Nicola Campedelli

Personal information
- Date of birth: 7 February 1979 (age 47)
- Place of birth: Cesena, Italy
- Height: 1.80 m (5 ft 11 in)
- Position: Midfielder

Team information
- Current team: Forlì (head coach)

Senior career*
- Years: Team / Apps / (Gls)
- 1997–2000: Cesena / 34 / (4)
- 1998–1999: → Castel San Pietro (loan) / 32 / (3)
- 2000–2002: Salernitana / 67 / (4)
- 2002–2007: Modena / 127 / (12)
- 2007–2009: Cesena / 16 / (0)

International career
- 2000: Italy U20 / 5 / (1)
- 2000–2001: Italy U21 / 8 / (0)

Managerial career
- 2009–2010: Cesenatico
- 2010–2012: Bellaria
- 2012: Cesena
- 2014–2015: Ribelle
- 2015: Correggese
- 2016: Parma (assistant)
- 2017–2018: Romagna Centro
- 2018: Forlì
- 2019: Forlì
- 2020: Sangiustese
- 2020–2021: Savignanese
- 2021–2026: Cesena (youth)
- 2026–: Forlì

= Nicola Campedelli =

Italian football player and manager (born 1979)

Nicola Campedelli (born 7 February 1979) is an Italian football coach and former player who is the head coach of club Forlì.

==Playing career==
A midfielder, Campedelli played with Cesena from 1997 to 2000.

In 2007, when at Cesena, he suffered a Lisfranc fracture which he never fully recovered from, making only a handful in the 2007–08 Serie B season, forcing him to announce his retirement from football in June 2009. Nicola is a brother of Cesena president Igor, which Cesena bought Nicola from Modena for €650,000 in co-ownership deal in 5-year contract. In June 2009 Modena gave up the remain 50% registration rights, as Nicola retired at the end of season.

==Coaching career==
For the 2009–10 season, Campedelli was coach of Cesenatico promoted to Serie D. He took the UEFA B License course from 20 July to 6 August 2009.

In the two next seasons he has been the coach of Bellaria in Lega Pro Seconda Divisione saved for all two seasons. He obtained the necessary coaching license for that level (UEFA A License) in June 2011.
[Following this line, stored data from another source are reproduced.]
(* For every $r\ge0$, the tuple $(q_{r,n}1_n)_{n\ge0}$ is an element of the center $Z(\mathcal{NB}_t)$, i.e. $q_{r,m}1_m\circ f=f\circ q_{r,n}1_n$ for all $m,n\ge0$ and all $f\in\mathrm{Hom}_{\mathcal{NB}_t}(B^{\star n},B^{\star m})$.
   Context: Let $\Bbbk$ be a field of characteristic $\neq2$, $t\in\{0,1\}$, and let $\mathcal{NB}_t$ be the nil-Brauer category: the strict graded $\Bbbk$-linear monoidal category (tensor $\star$, unit $\mathbb1$, composition $\circ$) generated by an object $B$ and morphisms $x:B\to B$ (degree 2), $\tau:B\star B\to B\star B$ (degree $-2$), $\cap:B\star B\to\mathbb1$, $\cup:\mathbb1\to B\star B$ (degree 0), with relations ($1=1_B$): $\tau\circ\tau=0$; $(\tau\star1)\circ(1\star\tau)\circ(\tau\star1)=(1\star\tau)\circ(\tau\star1)\circ(1\star\tau)$; $\cap\circ\cup=t1_{\mathbb1}$; $(\cap\star1)\circ(1\star\cup)=1=(1\star\cap)\circ(\cup\star1)$; $\cap\circ\tau=0$; $(1\star\cap)\circ(\tau\star1)=(\cap\star1)\circ(1\star\tau)$; $(x\star1)\circ\tau-\tau\circ(1\star x)=1\star1-\cup\circ\cap$; $\cap\circ(1\star x)=-\cap\circ(x\star1)$. For a polynomial $g\in\Bbbk[x_1,\dots,x_n]$, $g1_n$ denotes the endomorphism of $B^{\star n}$ obtained by substituting $x_i\mapsto 1^{\star(i-1)}\star x\star1^{\star(n-i)}$ (these commute). The symmetric polynomials $q_{r,n}\in\Bbbk[x_1,\dots,x_n]^{S_n}$ are defined by $\sum_{r\ge0}u^{-r}q_{r,n}=\prod_{i=1}^n\frac{u+x_i}{u-x_i}\in\Bbbk[x_1,\dots,x_n][\![u^{-1}]\!]$. The center of a category is the algebra of endomorphisms of its identity functor. *)

theory Defs
  imports "HOL-Library.Poly_Mapping" "HOL-Computational_Algebra.Formal_Power_Series"
begin

text \<open>Objects of NB_t are the tensor powers B^n, identified with n :: nat (the unit is 0).
  Morphisms are formal expressions built from the generators, identities, composition,
  tensor product and the k-linear structure, modulo the least congruence generated by the
  axioms of a strict k-linear monoidal category and the defining relations of NB_t.
  Cmp g f denotes g composed after f.\<close>

datatype 'k nbmor =
    Idn nat
  | X
  | Tau
  | Cap
  | Cup
  | Cmp "'k nbmor" "'k nbmor"
  | Tns "'k nbmor" "'k nbmor"
  | Zero nat nat
  | Add "'k nbmor" "'k nbmor"
  | Sm 'k "'k nbmor"

text \<open>Typing: Some (source, target).\<close>
fun nbtyp :: "'k nbmor \<Rightarrow> (nat \<times> nat) option" where
  "nbtyp (Idn n) = Some (n, n)"
| "nbtyp X = Some (1, 1)"
| "nbtyp Tau = Some (2, 2)"
| "nbtyp Cap = Some (2, 0)"
| "nbtyp Cup = Some (0, 2)"
| "nbtyp (Cmp g f) =
     (case (nbtyp f, nbtyp g) of
        (Some (a, b), Some (b', c)) \<Rightarrow> (if b = b' then Some (a, c) else None)
      | _ \<Rightarrow> None)"
| "nbtyp (Tns f g) =
     (case (nbtyp f, nbtyp g) of
        (Some (a, b), Some (a', b')) \<Rightarrow> Some (a + a', b + b')
      | _ \<Rightarrow> None)"
| "nbtyp (Zero n m) = Some (n, m)"
| "nbtyp (Add f g) = (if nbtyp f = nbtyp g then nbtyp f else None)"
| "nbtyp (Sm c f) = nbtyp f"

definition nbhom :: "nat \<Rightarrow> nat \<Rightarrow> 'k nbmor \<Rightarrow> bool" where
  "nbhom n m f \<longleftrightarrow> nbtyp f = Some (n, m)"

inductive nbeq :: "'k::field \<Rightarrow> 'k nbmor \<Rightarrow> 'k nbmor \<Rightarrow> bool" for t :: 'k where
  refl: "nbeq t f f"
| sym: "nbeq t f g \<Longrightarrow> nbeq t g f"
| trans: "nbeq t f g \<Longrightarrow> nbeq t g h \<Longrightarrow> nbeq t f h"
| cong_Cmp: "nbeq t g g' \<Longrightarrow> nbeq t f f' \<Longrightarrow> nbeq t (Cmp g f) (Cmp g' f')"
| cong_Tns: "nbeq t f f' \<Longrightarrow> nbeq t g g' \<Longrightarrow> nbeq t (Tns f g) (Tns f' g')"
| cong_Add: "nbeq t f f' \<Longrightarrow> nbeq t g g' \<Longrightarrow> nbeq t (Add f g) (Add f' g')"
| cong_Sm: "nbeq t f f' \<Longrightarrow> nbeq t (Sm c f) (Sm c f')"
| add_assoc: "nbhom n m f \<Longrightarrow> nbhom n m g \<Longrightarrow> nbhom n m h \<Longrightarrow>
     nbeq t (Add (Add f g) h) (Add f (Add g h))"
| add_comm: "nbhom n m f \<Longrightarrow> nbhom n m g \<Longrightarrow> nbeq t (Add f g) (Add g f)"
| add_zero: "nbhom n m f \<Longrightarrow> nbeq t (Add f (Zero n m)) f"
| add_neg: "nbhom n m f \<Longrightarrow> nbeq t (Add f (Sm (-1) f)) (Zero n m)"
| sm_one: "nbhom n m f \<Longrightarrow> nbeq t (Sm 1 f) f"
| sm_sm: "nbhom n m f \<Longrightarrow> nbeq t (Sm a (Sm b f)) (Sm (a * b) f)"
| sm_add_scalar: "nbhom n m f \<Longrightarrow> nbeq t (Sm (a + b) f) (Add (Sm a f) (Sm b f))"
| sm_add: "nbhom n m f \<Longrightarrow> nbhom n m g \<Longrightarrow> nbeq t (Sm a (Add f g)) (Add (Sm a f) (Sm a g))"
| cmp_add_r: "nbhom n m f \<Longrightarrow> nbhom n m g \<Longrightarrow> nbhom m p h \<Longrightarrow>
     nbeq t (Cmp h (Add f g)) (Add (Cmp h f) (Cmp h g))"
| cmp_add_l: "nbhom n m f \<Longrightarrow> nbhom n m g \<Longrightarrow> nbhom p n h \<Longrightarrow>
     nbeq t (Cmp (Add f g) h) (Add (Cmp f h) (Cmp g h))"
| cmp_sm_r: "nbhom n m f \<Longrightarrow> nbhom m p h \<Longrightarrow> nbeq t (Cmp h (Sm a f)) (Sm a (Cmp h f))"
| cmp_sm_l: "nbhom n m f \<Longrightarrow> nbhom p n h \<Longrightarrow> nbeq t (Cmp (Sm a f) h) (Sm a (Cmp f h))"
| tns_add_r: "nbhom n m f \<Longrightarrow> nbhom n m g \<Longrightarrow> nbhom p q h \<Longrightarrow>
     nbeq t (Tns h (Add f g)) (Add (Tns h f) (Tns h g))"
| tns_add_l: "nbhom n m f \<Longrightarrow> nbhom n m g \<Longrightarrow> nbhom p q h \<Longrightarrow>
     nbeq t (Tns (Add f g) h) (Add (Tns f h) (Tns g h))"
| tns_sm_r: "nbhom n m f \<Longrightarrow> nbhom p q h \<Longrightarrow> nbeq t (Tns h (Sm a f)) (Sm a (Tns h f))"
| tns_sm_l: "nbhom n m f \<Longrightarrow> nbhom p q h \<Longrightarrow> nbeq t (Tns (Sm a f) h) (Sm a (Tns f h))"
| cmp_assoc: "nbhom n m f \<Longrightarrow> nbhom m p g \<Longrightarrow> nbhom p q h \<Longrightarrow>
     nbeq t (Cmp (Cmp h g) f) (Cmp h (Cmp g f))"
| cmp_id_l: "nbhom n m f \<Longrightarrow> nbeq t (Cmp (Idn m) f) f"
| cmp_id_r: "nbhom n m f \<Longrightarrow> nbeq t (Cmp f (Idn n)) f"
| tns_assoc: "nbhom n m f \<Longrightarrow> nbhom n' m' g \<Longrightarrow> nbhom n'' m'' h \<Longrightarrow>
     nbeq t (Tns (Tns f g) h) (Tns f (Tns g h))"
| tns_unit_l: "nbhom n m f \<Longrightarrow> nbeq t (Tns (Idn 0) f) f"
| tns_unit_r: "nbhom n m f \<Longrightarrow> nbeq t (Tns f (Idn 0)) f"
| tns_id: "nbeq t (Tns (Idn a) (Idn b)) (Idn (a + b))"
| interchange: "nbhom n m f \<Longrightarrow> nbhom m p g \<Longrightarrow> nbhom n' m' f' \<Longrightarrow> nbhom m' p' g' \<Longrightarrow>
     nbeq t (Tns (Cmp g f) (Cmp g' f')) (Cmp (Tns g g') (Tns f f'))"
| rel_nil: "nbeq t (Cmp Tau Tau) (Zero 2 2)"
| rel_braid: "nbeq t (Cmp (Tns Tau (Idn 1)) (Cmp (Tns (Idn 1) Tau) (Tns Tau (Idn 1))))
                     (Cmp (Tns (Idn 1) Tau) (Cmp (Tns Tau (Idn 1)) (Tns (Idn 1) Tau)))"
| rel_bubble: "nbeq t (Cmp Cap Cup) (Sm t (Idn 0))"
| rel_zigzag1: "nbeq t (Cmp (Tns Cap (Idn 1)) (Tns (Idn 1) Cup)) (Idn 1)"
| rel_zigzag2: "nbeq t (Cmp (Tns (Idn 1) Cap) (Tns Cup (Idn 1))) (Idn 1)"
| rel_cap_tau: "nbeq t (Cmp Cap Tau) (Zero 2 0)"
| rel_pitchfork: "nbeq t (Cmp (Tns (Idn 1) Cap) (Tns Tau (Idn 1)))
                         (Cmp (Tns Cap (Idn 1)) (Tns (Idn 1) Tau))"
| rel_dot_slide: "nbeq t (Add (Cmp (Tns X (Idn 1)) Tau) (Sm (-1) (Cmp Tau (Tns (Idn 1) X))))
                         (Add (Tns (Idn 1) (Idn 1)) (Sm (-1) (Cmp Cup Cap)))"
| rel_cap_dot: "nbeq t (Cmp Cap (Tns (Idn 1) X)) (Sm (-1) (Cmp Cap (Tns X (Idn 1))))"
Campedelli was hired by Cesena on 25 May 2012, just weeks after the club relegated to Serie B as caretaker. FIGC gave special permission to him despite not a holder of UEFA Pro License. He was sacked on 10 September after three Serie B matches, from his brother Igor, the president of club and replaced by Pierpaolo Bisoli. Campedelli obtained the Pro License in July 2013.